(* Let $\sigma>0$, $H\in(3/4,1)$, and let $(\Omega,\mathcal{F},P)$ carry a standard Brownian motion $B$ and an independent fractional Brownian motion $Z^H$ with Hurst parameter $H$ (so $Z^H_1,B_1$ are independent $N(0,1)$ under $P$). For $\alpha>0$ let $S^{H,\alpha}_0=1$ and $S^{H,\alpha}_1=\exp\big(\sigma(Z^H_1+\frac1\alpha B_1)-\frac{\sigma^2}{2\alpha^2}\big)$. Let $X=\exp(\sigma Z^H_1)$, $h(x)=\frac{1}{\sqrt{2\pi}\sigma x}\exp\big(-\frac12(\frac{\ln x}{\sigma})^2\big)$ for $x>0$ (the density of $X$ under $P$), $g(x)=e^{-x}/h(x)$, and define $\tilde P$ on $(\Omega,\mathcal{F})$ by $\frac{d\tilde P}{dP}=g(X)$. Then: (1) $\tilde P$ is a probability measure equivalent to $P$; (2) $E_{\tilde P}[S^{H,\alpha}_1]=1=S^{H,\alpha}_0$ for every $\alpha>0$; (3) letting $M^{H,\alpha}_1=\alpha Z^H_1+B_1$, $Q^{\alpha,1}$ the law of $M^{H,\alpha}_1$ under $P$ and $\tilde Q^{\alpha,1}$ its law under $\tilde P$ (both on $\mathbb{R}$), the families $(\tilde Q^{\alpha,1})_{\alpha>0}$ and $(Q^{\alpha,1})_{\alpha>0}$ are mutually contiguous as $\alpha\to\infty$: for any family of Borel sets $A^\alpha\subset\mathbb{R}$, $Q^{\alpha,1}(A^\alpha)\to0$ as $\alpha\to\infty$ if and only if $\tilde Q^{\alpha,1}(A^\alpha)\to0$ as $\alpha\to\infty$.
   Context: A fractional Brownian motion with Hurst parameter $H$ is a continuous centred Gaussian process with covariance $\frac12(t^{2H}+s^{2H}-|t-s|^{2H})$. *)

theory Defs
  imports "HOL-Probability.Probability"
begin

definition fbm_cov :: "real \<Rightarrow> real \<Rightarrow> real \<Rightarrow> real" where
  "fbm_cov H t s = (1/2) * (t powr (2*H) + s powr (2*H) - \<bar>t - s\<bar> powr (2*H))"

text \<open>A continuous centred Gaussian process on [0,\<infinity>) with covariance K, on the probability
  space M. Gaussianity of all finite-dimensional distributions (with mean zero and covariance K)
  is expressed via their joint characteristic functions.\<close>
definition centred_gaussian_process ::
  "'a measure \<Rightarrow> (real \<Rightarrow> real \<Rightarrow> real) \<Rightarrow> (real \<Rightarrow> 'a \<Rightarrow> real) \<Rightarrow> bool" where
  "centred_gaussian_process M K X \<longleftrightarrow>
     (\<forall>t\<ge>0. X t \<in> borel_measurable M) \<and>
     (\<forall>\<omega>\<in>space M. continuous_on {0..} (\<lambda>t. X t \<omega>)) \<and>
     (\<forall>T c. finite T \<longrightarrow> T \<subseteq> {0..} \<longrightarrow>
        (CLINT \<omega>|M. iexp (\<Sum>t\<in>T. c t * X t \<omega>)) =
          complex_of_real (exp (-(1/2) * (\<Sum>s\<in>T. \<Sum>t\<in>T. c s * c t * K s t))))"

definition fBm :: "'a measure \<Rightarrow> real \<Rightarrow> (real \<Rightarrow> 'a \<Rightarrow> real) \<Rightarrow> bool" where
  "fBm M H Z \<longleftrightarrow> centred_gaussian_process M (fbm_cov H) Z"

definition standard_BM :: "'a measure \<Rightarrow> (real \<Rightarrow> 'a \<Rightarrow> real) \<Rightarrow> bool" where
  "standard_BM M B \<longleftrightarrow> centred_gaussian_process M (\<lambda>s t. min s t) B"

definition path :: "(real \<Rightarrow> 'a \<Rightarrow> real) \<Rightarrow> 'a \<Rightarrow> (real \<Rightarrow> real)" where
  "path X \<omega> = restrict (\<lambda>t. X t \<omega>) {0..}"

definition path_space :: "(real \<Rightarrow> real) measure" where
  "path_space = PiM {0..} (\<lambda>_. borel)"

definition hdens :: "real \<Rightarrow> real \<Rightarrow> real" where
  "hdens \<sigma> x = 1 / (sqrt (2*pi) * \<sigma> * x) * exp (-(1/2) * (ln x / \<sigma>)^2)"

definition gfun :: "real \<Rightarrow> real \<Rightarrow> real" where
  "gfun \<sigma> x = exp (-x) / hdens \<sigma> x"

end

theory Submission
  imports Defs "HOL-Real_Asymp.Real_Asymp"
begin

text \<open>Under \<open>P\<close>, \<open>Z\<^sup>H\<^sub>1\<close> and \<open>B\<^sub>1\<close> are independent standard normal variables (Levy's uniqueness
  theorem applied to the defining characteristic functions). The weight \<open>g(X)\<close> is the ratio of
  the \<open>Exp(1)\<close> density to the lognormal law of \<open>X = exp (\<sigma> Z\<^sup>H\<^sub>1)\<close>, so under \<open>P~\<close> the variable \<open>X\<close>
  is exponential with mean 1 while \<open>B\<^sub>1\<close> is still standard normal and independent of it; hence
  \<open>E\<^sub>P\<^sub>~[S\<^sub>1] = E[X] * E[exp (\<sigma>/\<alpha> B\<^sub>1 - \<sigma>\<^sup>2/(2\<alpha>\<^sup>2))] = 1\<close>.
  Contiguity holds for the image laws of any family of random variables: \<open>g(X)\<close> is a strictly
  positive \<open>P\<close>-integrable density and \<open>1 / g(X)\<close> is \<open>P~\<close>-integrable, and an integrable density
  is uniformly integrable, so the events of vanishing probability are the same for both measures.\<close>

lemma measure_density_eq_integral:
  fixes w :: "'a \<Rightarrow> real"
  assumes "integrable M w" "\<And>x. x \<in> space M \<Longrightarrow> 0 \<le> w x" "E \<in> sets M"
  shows "measure (density M w) E = (\<integral>x. w x * indicator E x \<partial>M)"
proof -
  have "measure (density M w) E = (\<integral>x. indicator E x \<partial>density M w)"
    using assms by (simp add: emeasure_density less_top[symmetric] ennreal_indicator
        nn_integral_eq_integral integrable_real_mult_indicator)
  also have "\<dots> = (\<integral>x. w x * indicator E x \<partial>M)"
    using assms by (subst integral_density) auto
  finally show ?thesis .
qed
• • • • • • •
#### Exercise:
From the first line to the last, reproduce the data exactly.

#### Task answer:
(* Let $\sigma>0$, $H\in(3/4,1)$, and let $(\Omega,\mathcal{F},P)$ carry a standard Brownian motion $B$ and an independent fractional Brownian motion $Z^H$ with Hurst parameter $H$ (so $Z^H_1,B_1$ are independent $N(0,1)$ under $P$). For $\alpha>0$ let $S^{H,\alpha}_0=1$ and $S^{H,\alpha}_1=\exp\big(\sigma(Z^H_1+\frac1\alpha B_1)-\frac{\sigma^2}{2\alpha^2}\big)$. Let $X=\exp(\sigma Z^H_1)$, $h(x)=\frac{1}{\sqrt{2\pi}\sigma x}\exp\big(-\frac12(\frac{\ln x}{\sigma})^2\big)$ for $x>0$ (the density of $X$ under $P$), $g(x)=e^{-x}/h(x)$, and define $\tilde P$ on $(\Omega,\mathcal{F})$ by $\frac{d\tilde P}{dP}=g(X)$. Then: (1) $\tilde P$ is a probability measure equivalent to $P$; (2) $E_{\tilde P}[S^{H,\alpha}_1]=1=S^{H,\alpha}_0$ for every $\alpha>0$; (3) letting $M^{H,\alpha}_1=\alpha Z^H_1+B_1$, $Q^{\alpha,1}$ the law of $M^{H,\alpha}_1$ under $P$ and $\tilde Q^{\alpha,1}$ its law under $\tilde P$ (both on $\mathbb{R}$), the families $(\tilde Q^{\alpha,1})_{\alpha>0}$ and $(Q^{\alpha,1})_{\alpha>0}$ are mutually contiguous as $\alpha\to\infty$: for any family of Borel sets $A^\alpha\subset\mathbb{R}$, $Q^{\alpha,1}(A^\alpha)\to0$ as $\alpha\to\infty$ if and only if $\tilde Q^{\alpha,1}(A^\alpha)\to0$ as $\alpha\to\infty$.
   Context: A fractional Brownian motion with Hurst parameter $H$ is a continuous centred Gaussian process with covariance $\frac12(t^{2H}+s^{2H}-|t-s|^{2H})$. *)

theory Defs
  imports "HOL-Probability.Probability"
begin

definition fbm_cov :: "real \<Rightarrow> real \<Rightarrow> real \<Rightarrow> real" where
  "fbm_cov H t s = (1/2) * (t powr (2*H) + s powr (2*H) - \<bar>t - s\<bar> powr (2*H))"

text \<open>A continuous centred Gaussian process on [0,\<infinity>) with covariance K, on the probability
  space M. Gaussianity of all finite-dimensional distributions (with mean zero and covariance K)
  is expressed via their joint characteristic functions.\<close>
definition centred_gaussian_process ::
  "'a measure \<Rightarrow> (real \<Rightarrow> real \<Rightarrow> real) \<Rightarrow> (real \<Rightarrow> 'a \<Rightarrow> real) \<Rightarrow> bool" where
  "centred_gaussian_process M K X \<longleftrightarrow>
     (\<forall>t\<ge>0. X t \<in> borel_measurable M) \<and>
     (\<forall>\<omega>\<in>space M. continuous_on {0..} (\<lambda>t. X t \<omega>)) \<and>
     (\<forall>T c. finite T \<longrightarrow> T \<subseteq> {0..} \<longrightarrow>
        (CLINT \<omega>|M. iexp (\<Sum>t\<in>T. c t * X t \<omega>)) =
          complex_of_real (exp (-(1/2) * (\<Sum>s\<in>T. \<Sum>t\<in>T. c s * c t * K s t))))"

definition fBm :: "'a measure \<Rightarrow> real \<Rightarrow> (real \<Rightarrow> 'a \<Rightarrow> real) \<Rightarrow> bool" where
  "fBm M H Z \<longleftrightarrow> centred_gaussian_process M (fbm_cov H) Z"

definition standard_BM :: "'a measure \<Rightarrow> (real \<Rightarrow> 'a \<Rightarrow> real) \<Rightarrow> bool" where
  "standard_BM M B \<longleftrightarrow> centred_gaussian_process M (\<lambda>s t. min s t) B"

definition path :: "(real \<Rightarrow> 'a \<Rightarrow> real) \<Rightarrow> 'a \<Rightarrow> (real \<Rightarrow> real)" where
  "path X \<omega> = restrict (\<lambda>t. X t \<omega>) {0..}"

definition path_space :: "(real \<Rightarrow> real) measure" where
  "path_space = PiM {0..} (\<lambda>_. borel)"

definition hdens :: "real \<Rightarrow> real \<Rightarrow> real" where
  "hdens \<sigma> x = 1 / (sqrt (2*pi) * \<sigma> * x) * exp (-(1/2) * (ln x / \<sigma>)^2)"

definition gfun :: "real \<Rightarrow> real \<Rightarrow> real" where
  "gfun \<sigma> x = exp (-x) / hdens \<sigma> x"

end

theory Submission
  imports Defs "HOL-Real_Asymp.Real_Asymp"
begin

text \<open>Under \<open>P\<close>, \<open>Z\<^sup>H\<^sub>1\<close> and \<open>B\<^sub>1\<close> are independent standard normal variables (Levy's uniqueness
  theorem applied to the defining characteristic functions). The weight \<open>g(X)\<close> is the ratio of
  the \<open>Exp(1)\<close> density to the lognormal law of \<open>X = exp (\<sigma> Z\<^sup>H\<^sub>1)\<close>, so under \<open>P~\<close> the variable \<open>X\<close>
  is exponential with mean 1 while \<open>B\<^sub>1\<close> is still standard normal and independent of it; hence
  \<open>E\<^sub>P\<^sub>~[S\<^sub>1] = E[X] * E[exp (\<sigma>/\<alpha> B\<^sub>1 - \<sigma>\<^sup>2/(2\<alpha>\<^sup>2))] = 1\<close>.
  Contiguity holds for the image laws of any family of random variables: \<open>g(X)\<close> is a strictly
  positive \<open>P\<close>-integrable density and \<open>1 / g(X)\<close> is \<open>P~\<close>-integrable, and an integrable density
  is uniformly integrable, so the events of vanishing probability are the same for both measures.\<close>

lemma measure_density_eq_integral:
  fixes w :: "'a \<Rightarrow> real"
  assumes "integrable M w" "\<And>x. x \<in> space M \<Longrightarrow> 0 \<le> w x" "E \<in> sets M"
  shows "measure (density M w) E = (\<integral>x. w x * indicator E x \<partial>M)"
proof -
  have "measure (density M w) E = (\<integral>x. indicator E x \<partial>density M w)"
    using assms by (simp add: emeasure_density less_top[symmetric] ennreal_indicator
        nn_integral_eq_integral integrable_real_mult_indicator)
  also have "\<dots> = (\<integral>x. w x * indicator E x \<partial>M)"
    using assms by (subst integral_density) auto
  finally show ?thesis .
qed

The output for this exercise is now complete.